On February 21, 2012, Ahlquist was interviewed live on CNN about the Cranston case.

Ahlquist is currently a real estate agent based in Providence, Rhode Island.

==Awards and accolades==
John Figdor of the Secular Student Alliance stated "she's a role model to so many young people". JT Eberhard of the same organisation called for nominating Ahlquist for the 2012 Presidential Citizens Medal.
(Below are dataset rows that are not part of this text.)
lemma eigenvalue_sq_le_boundary_edges:
  fixes x :: "'a \<Rightarrow> real"
  assumes "graph V E" and eig: "adj_eigvec V E \<mu> x" and nonneg: "\<forall>v\<in>V. 0 \<le> x v"
    and "u \<in> V" and "0 < x u" and max: "\<forall>v\<in>V. x v \<le> x u"
    and deg: "\<forall>w\<in>nbhd V E u. card (nbhd V E w \<inter> nbhd V E u) \<le> 1"
  shows "\<mu>^2 \<le> \<mu> + real (card (boundary_edges V E (nbhd V E u)))"
proof -
  define N where "N = nbhd V E u"
  have "N \<subseteq> V"
    unfolding N_def by (rule nbhd_subset)
  have eq: "(\<Sum>w\<in>nbhd V E v. x w) = \<mu> * x v" if "v \<in> V" for v
    using eig that unfolding adj_eigvec_def by blast
  have split: "(\<Sum>w\<in>nbhd V E v. x w) = (\<Sum>w\<in>nbhd V E v \<inter> N. x w) + (\<Sum>w\<in>nbhd V E v - N. x w)" for v
    by (rule sum.Int_Diff[OF finite_nbhd[OF assms(1)]])
  have inner: "(\<Sum>v\<in>N. \<Sum>w\<in>nbhd V E v \<inter> N. x w) \<le> (\<Sum>w\<in>N. x w)"
    unfolding sum_sum_nbhd_Int[OF assms(1) \<open>N \<subseteq> V\<close>]
    by (intro sum_mono mult_left_le_one_le) (use deg nonneg \<open>N \<subseteq> V\<close> in \<open>auto simp: N_def\<close>)
  have outer: "(\<Sum>w\<in>nbhd V E v - N. x w) \<le> real (card (nbhd V E v - N)) * x u" for v
    by (rule sum_bounded_above) (use max in \<open>auto simp: nbhd_def\<close>)
  have "\<mu>^2 * x u = (\<Sum>v\<in>N. \<mu> * x v)"
    using eq[OF \<open>u \<in> V\<close>] by (simp add: N_def power2_eq_square flip: sum_distrib_left)
  also have "\<dots> = (\<Sum>v\<in>N. \<Sum>w\<in>nbhd V E v. x w)"
    using eq \<open>N \<subseteq> V\<close> by (auto intro!: sum.cong)
  also have "\<dots> = (\<Sum>v\<in>N. \<Sum>w\<in>nbhd V E v \<inter> N. x w) + (\<Sum>v\<in>N. \<Sum>w\<in>nbhd V E v - N. x w)"
    by (simp add: split sum.distrib)
  also have "\<dots> \<le> (\<Sum>w\<in>N. x w) + (\<Sum>v\<in>N. real (card (nbhd V E v - N)) * x u)"
    by (intro add_mono inner sum_mono outer)
  also have "\<dots> = (\<mu> + real (card (boundary_edges V E N))) * x u"
    using eq[OF \<open>u \<in> V\<close>] card_boundary_edges[OF assms(1) \<open>N \<subseteq> V\<close>]
    by (simp add: N_def distrib_right sum_distrib_right)
  finally show ?thesis
    using \<open>0 < x u\<close> unfolding N_def by simp
qed
text \<open>The combinatorial content of mad(G) < 3: every nonempty subgraph has fewer than
  3/2 edges per vertex.  Unlike mad itself this is evidently inherited by subgraphs.\<close>

definition sparse :: "'a set \<Rightarrow> 'a set set \<Rightarrow> bool" where
  "sparse V E \<longleftrightarrow> (\<forall>W F. subgraph W F V E \<and> W \<noteq> {} \<longrightarrow> 2 * card F < 3 * card W)"

lemma mad_less_3_sparse:
  assumes fsg: "finite_simple_graph V E" and mad: "mad V E < 3"
  shows "sparse V E"
  unfolding sparse_def
proof (intro allI impI)
  fix W F assume WF: "subgraph W F V E \<and> W \<noteq> {}"
  define S where "S = {2 * real (card F) / real (card W) | W F. subgraph W F V E \<and> W \<noteq> {}}"
  have fV: "finite V" and fE: "finite E"
    using fsg fsg_finite_edges unfolding finite_simple_graph_def by auto
  have "S \<subseteq> (\<lambda>(W, F). 2 * real (card F) / real (card W)) ` (Pow V \<times> Pow E)"
    unfolding S_def subgraph_def by auto
  then have "finite S" using fV fE by (meson finite_Pow_iff finite_SigmaI finite_imageI finite_subset)
  moreover have "2 * real (card F) / real (card W) \<in> S" unfolding S_def using WF by blast
  ultimately have "2 * real (card F) / real (card W) < 3"
    using mad unfolding mad_def S_def[symmetric] by (meson Max_ge le_less_trans)
  moreover have "0 < card W"
    using WF fV unfolding subgraph_def by (meson card_gt_0_iff finite_subset)
  ultimately have "2 * real (card F) < 3 * real (card W)" by (simp add: divide_less_eq)
  then show "2 * card F < 3 * card W" by linarith
qed

lemma sparse_delete_vertex:
  assumes "sparse V E"
  shows "sparse (V - {v}) {e\<in>E. v \<notin> e}"
proof -
  have "subgraph W F V E" if "subgraph W F (V - {v}) {e\<in>E. v \<notin> e}" for W F
    using that unfolding subgraph_def by blast
  then show ?thesis using assms unfolding sparse_def by simp
qed

lemma degree_delete_vertex:
  assumes "finite_simple_graph V E"
  shows "degree {e\<in>E. v \<notin> e} u \<le> degree E u"
proof -
  have "neighbors {e\<in>E. v \<notin> e} u \<subseteq> neighbors E u" unfolding neighbors_def by auto
  then show ?thesis unfolding degree_def by (simp add: card_mono finite_neighbors[OF assms])
qed

text \<open>Every nonempty sparse graph with maximum degree D \<le> 4 has a vertex that is reducible
  for 3D + 1 colours; otherwise discharging would give average degree at least 3.\<close>

lemma exists_reducible_vertex:
  assumes fsg: "finite_simple_graph V E" and deg: "\<forall>u\<in>V. degree E u \<le> D" and D: "D \<le> 4"
    and sp: "sparse V E" and ne: "V \<noteq> {}"
  shows "\<exists>v\<in>V. reducible E v (3 * D + 1)"
proof (rule ccontr)
  assume irr: "\<not> ?thesis"
  have degs: "\<forall>u\<in>V. 2 \<le> degree E u \<and> degree E u \<le> 4"
  proof
    fix u assume "u \<in> V"
    then have "\<not> degree E u \<le> 1" using irr reducible_low_degree[OF fsg deg D] by blast
    then show "2 \<le> degree E u \<and> degree E u \<le> 4" using deg D \<open>u \<in> V\<close> by force
  qed
  have "1 \<le> (\<Sum>w\<in>neighbors E v. charge E w)" if v: "v \<in> V" "degree E v = 2" for v
  proof (cases "D = 4")
    case True
    then show ?thesis using irreducible_deg2_charge[OF fsg _ v(2)] deg irr v(1) by auto
  next
    case False
    obtain w x where N: "neighbors E v = {w, x}" "w \<noteq> x" using v(2) by (rule degree_two_neighbors)
    have "degree E w \<le> 3" "degree E x \<le> 3" using False D deg neighbors_subset[OF fsg, of v] N by auto
    then show ?thesis using reducible_deg2_light[OF fsg deg D N] irr v(1) by blast
  qed
  then have "3 * card V \<le> 2 * card E" using discharging[OF fsg degs] by blast
  moreover have "subgraph V E V E" using fsg unfolding subgraph_def finite_simple_graph_def by auto
  ultimately show False using sp ne unfolding sparse_def by fastforce
qed

lemma sparse_strong_coloring:
  assumes "finite_simple_graph V E" "\<forall>u\<in>V. degree E u \<le> D" "D \<le> 4" "sparse V E"
  shows "\<exists>c. strong_edge_coloring E c \<and> (\<forall>e\<in>E. c e < 3 * D + 1)"
  using assms
proof (induction "card V" arbitrary: V E rule: less_induct)
  case less
  note fsg = less.prems(1)
  show ?case
  proof (cases "V = {}")
    case True
    then have "E = {}" using fsg unfolding finite_simple_graph_def by fastforce
    then show ?thesis unfolding strong_edge_coloring_def by auto
  next
    case False
    then obtain v where v: "v \<in> V" "reducible E v (3 * D + 1)"
      using exists_reducible_vertex[OF fsg less.prems(2-4)] by blast
    have "card (V - {v}) < card V"
      using fsg v(1) unfolding finite_simple_graph_def by (meson card_Diff1_less)
    moreover have "\<forall>u\<in>V - {v}. degree {e\<in>E. v \<notin> e} u \<le> D"
      using less.prems(2) degree_delete_vertex[OF fsg] le_trans by blast
    ultimately obtain c where c: "strong_edge_coloring {e\<in>E. v \<notin> e} c"
      "\<forall>e\<in>{e\<in>E. v \<notin> e}. c e < 3 * D + 1"
      using less.hyps[OF _ delete_vertex_graph[OF fsg] _ less.prems(3) sparse_delete_vertex[OF less.prems(4)]]
      by blast
    show ?thesis by (rule reducible_extend[OF fsg c v(2)])
  qed
qed

theorem theorem2p3:
  fixes V :: "'a set" and E :: "'a set set"
  assumes "finite_simple_graph V E"
    and "mad V E < 3"
    and "max_degree V E \<le> 4"
  shows "strong_chromatic_index E \<le> 3 * max_degree V E + 1"
proof -
  have "\<forall>u\<in>V. degree E u \<le> max_degree V E" using degree_le_max_degree[OF assms(1)] by blast
  then obtain c where "strong_edge_coloring E c" "\<forall>e\<in>E. c e < 3 * max_degree V E + 1"
    using sparse_strong_coloring[OF assms(1) _ assms(3) mad_less_3_sparse[OF assms(1,2)]] by blast
  then show ?thesis unfolding strong_chromatic_index_def by (intro Least_le) blast
qed

end
(* Let $a,b\in\mathbb{Z}$ with $a<b$, $\mathbf{x}\in\mathbb{Z}^m$ with $x_1\le\dots\le x_m$, and $\mathbf{y}\in(\mathbb{Z}')^n$ with $y_1\le\dots\le y_n$, where $\mathbb{Z}'=\mathbb{Z}+1/2$. Let $\mathbf{X}=(X_1,\dots,X_m)$ be an $m$-dimensional simple coalescing random walk on $\mathbb{Z}$ started at $\mathbf{x}$ and absorbed at $a$ and at $b$, and let $\mathbf{Y}=(Y_1,\dots,Y_n)$ be an $n$-dimensional simple coalescing random walk on $\mathbb{Z}'$ started at $\mathbf{y}$ and reflected at $a$ and $b$. Put $I^{\rightarrow}_{ij}(t,\mathbf{y})=1_{]y_j,y_{j+1}]}(X_i(t))$ and $I^{\leftarrow}_{ij}(t,\mathbf{x})=1_{]Y_j(t),Y_{j+1}(t)]}(x_i)$ for $1\le i\le m$, $1\le j\le n-1$. Then for each $t\ge0$ the joint distribution of the $m\times(n-1)$ random array $(I^{\rightarrow}_{ij}(t,\mathbf{Y}(0)))$ coincides with that of $(I^{\leftarrow}_{ij}(t,\mathbf{X}(0)))$.
   Context: A simple coalescing random walk on $\mathbb{Z}$ (resp. $\mathbb{Z}'$) is a system of particles indexed $1,\dots,m$ in increasing order of initial positions, each free particle performing a continuous-time symmetric simple random walk jumping at total rate one (rate $1/2$ to each neighbour), independently, except that particles that occupy the same site coalesce and move together thereafter. Absorbed at $a$ and $b$: a particle that hits $a$ or $b$ stays there forever (it no longer jumps). Reflected at $a$ (for the walk on $\mathbb{Z}'$): each particle stays on the same side of $a$; a particle at $a-1/2$ jumps to $a-3/2$ at rate $1/2$ and its jump to the right is suppressed (it stays), and symmetrically a particle at $a+1/2$ jumps to $a+3/2$ at rate $1/2$ and its jump to the left is suppressed; otherwise it moves as a simple coalescing random walk. Reflection at two points $a<b$ is defined analogously at each point. *)

theory Defs
  imports "HOL-Probability.Probability"
begin
lemma exists_small_ratio:
  fixes S K :: real
  assumes "0 \<le> S" "0 < K"
  obtains C where "0 < C" "C < 1" "C * S < 1" "K * (C * S / (1 - C * S)) < 1"
proof
  define C where "C = 1 / ((1 + S) * (1 + K))"
  have "(1 + S) * (1 + K) = 1 + K + S * (1 + K)"
    by (simp add: algebra_simps)
  then have "1 < (1 + S) * (1 + K)"
    using assms by (simp add: add_pos_nonneg)
  then show C: "0 < C" "C < 1"
    unfolding C_def by simp_all
  have "C * S * (1 + K) = S * ((1 + K) / ((1 + S) * (1 + K)))"
    by (simp add: C_def)
  also have "\<dots> = S / (1 + S)"
    using assms by simp
  also have "\<dots> < 1"
    using assms by simp
  finally have q: "C * S + K * (C * S) < 1"
    by (simp add: algebra_simps)
  moreover have "0 \<le> K * (C * S)"
    using assms C by simp
  ultimately show "C * S < 1"
    by linarith
  then show "K * (C * S / (1 - C * S)) < 1"
    using q by (simp add: field_simps)
qed

lemma good_set_exists:
  fixes S :: real
  assumes "0 < R" "0 \<le> m" "0 < \<gamma>" "\<gamma> \<le> 1/4" "0 < C" "C \<le> 1"
    and S: "(\<integral>\<^sup>+j. ennreal (zweight (j :: 'd::finite zindex)) \<partial>count_space UNIV) = ennreal S"
    and "0 \<le> S" "C * S < 1" and small: "2 * (1 + 3 / R) * (C * S / (1 - C * S)) < 1"
  shows "\<exists>F \<subseteq> (Wset :: (('d \<Rightarrow> int) \<Rightarrow> real) set). F \<in> sets Wmeasure \<and> 1 - \<gamma> < measure Wmeasure F
    \<and> (\<forall>v\<in>F. \<forall>js. \<not> resonant js \<longrightarrow> v \<notin> small_divisor_set R m C \<gamma> js)"
proof -
  interpret W: prob_space "Wmeasure :: (('d \<Rightarrow> int) \<Rightarrow> real) measure"
    by (rule prob_space_Wmeasure)
  define B where "B = (\<Union>js\<in>{js :: 'd zindex list. \<not> resonant js}. small_divisor_set R m C \<gamma> js)"
  have B: "B \<in> sets Wmeasure"
    unfolding B_def by (intro sets.countable_UN') (auto intro: small_divisor_set_sets)
  define bound where "bound = 2 * (1 + 3 / R) * \<gamma> * (C * S / (1 - C * S))"
  have "0 \<le> bound"
    unfolding bound_def using assms by simp
  moreover have "ennreal (measure Wmeasure B) \<le> ennreal bound"
    unfolding B_def bound_def W.emeasure_eq_measure[symmetric]
    using assms by (intro emeasure_small_divisor_union_le) auto
  ultimately have "measure Wmeasure B \<le> bound"
    by simp
  also have "bound < \<gamma>"
    unfolding bound_def using mult_strict_right_mono[OF small assms(3)] by (simp add: mult_ac)
  finally have measure_B: "measure Wmeasure B < \<gamma>" .
  have "measure Wmeasure (Wset - B) = 1 - measure Wmeasure (Wset \<inter> B)"
    using W.finite_measure_Diff'[OF Wset_sets B] measure_Wset by simp
  moreover have "measure Wmeasure (Wset \<inter> B) \<le> measure Wmeasure B"
    using B by (intro W.finite_measure_mono) auto
  ultimately have "1 - \<gamma> < measure Wmeasure (Wset - B)"
    using measure_B by linarith
  then show ?thesis
    using B Wset_sets by (intro exI[of _ "Wset - B"]) (auto simp: B_def)
qed

theorem lemmaA1:
  fixes R m :: real
  assumes "R > 0" and "m > real CARD('d::finite) / 2"
  shows "\<exists>C::real. 0 < C \<and> C < 1 \<and>
    (\<forall>\<gamma>::real. \<gamma> > 0 \<longrightarrow>
      (\<exists>F \<subseteq> (Wset :: (('d \<Rightarrow> int) \<Rightarrow> real) set).
         F \<in> sets (Wmeasure :: (('d \<Rightarrow> int) \<Rightarrow> real) measure) \<and>
         measure Wmeasure F > 1 - 4 * \<gamma> \<and>
         (\<forall>v'\<in>F. \<forall>r::nat. r \<ge> 1 \<longrightarrow>
            (\<forall>js :: 'd zindex list. length js = r \<longrightarrow> \<not> resonant js \<longrightarrow>
              (\<forall>b::int. \<bar>Omega R m v' js - real_of_int b\<bar> \<ge>
                 C ^ r * \<gamma> / Nfun js powr (m + real CARD('d) + 3))))))"
proof -
  have m: "0 \<le> m"
    using assms(2) by (smt (verit) divide_nonneg_nonneg of_nat_0_le_iff)
  obtain S where S: "(\<integral>\<^sup>+j. ennreal (zweight (j :: 'd zindex)) \<partial>count_space UNIV) = ennreal S" "0 \<le> S"
    using nn_integral_zweight_finite[where 'd = 'd] by (cases rule: ennreal_cases) auto
  obtain C where C: "0 < C" "C < 1" "C * S < 1" "2 * (1 + 3 / R) * (C * S / (1 - C * S)) < 1"
    using exists_small_ratio[OF S(2), of "2 * (1 + 3 / R)"] assms(1) by (auto simp: add_pos_pos)
  show ?thesis
  proof (intro exI[of _ C] conjI allI impI)
    fix \<gamma> :: real
    assume "0 < \<gamma>"
    show "\<exists>F \<subseteq> (Wset :: (('d \<Rightarrow> int) \<Rightarrow> real) set). F \<in> sets Wmeasure \<and> measure Wmeasure F > 1 - 4 * \<gamma> \<and>
         (\<forall>v'\<in>F. \<forall>r::nat. r \<ge> 1 \<longrightarrow> (\<forall>js :: 'd zindex list. length js = r \<longrightarrow> \<not> resonant js \<longrightarrow>
              (\<forall>b::int. \<bar>Omega R m v' js - real_of_int b\<bar> \<ge> C ^ r * \<gamma> / Nfun js powr (m + real CARD('d) + 3))))"
    proof (cases "\<gamma> \<le> 1/4")
      case True
      obtain F where "F \<subseteq> (Wset :: (('d \<Rightarrow> int) \<Rightarrow> real) set)" "F \<in> sets Wmeasure"
        "1 - \<gamma> < measure Wmeasure F" "\<forall>v\<in>F. \<forall>js. \<not> resonant js \<longrightarrow> v \<notin> small_divisor_set R m C \<gamma> js"
        using good_set_exists[OF assms(1) m \<open>0 < \<gamma>\<close> True C(1) less_imp_le[OF C(2)] S C(3,4)] by blast
      then show ?thesis
        using \<open>0 < \<gamma>\<close>
        by (intro exI[of _ F]) (auto simp: small_divisor_set_def near_integers_def not_less)
    qed (intro exI[of _ "{}"], auto)
  qed (use C in auto)
qed

end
On April 26, 2012, Ana Kasparian and John Iadarola discussed the hate mail at Ahlquist's address in TYTUniversity, a spin-off from The Young Turks.

===Awards===
- On October 8, 2011, the Freedom From Religion Foundation named her the 2011 Thomas Jefferson Youth Activist.
- On June 9, 2012, the American Humanist Association honored Ahlquist with the 2012 Humanist Pioneer Award, which was presented to her at the 71st annual American Humanist Association conference in New Orleans.
- On August 19, 2012, Ahlquist was given the Judge George Alexander Teitz Award, for "commitment to the ideals of religious and ethnic tolerance and freedom" by the Touro Synagogue Foundation in Newport, Rhode Island.
- On May 22, 2013, Ahlquist was honored with the Hugh M. Hefner First Amendment Award in the Education category.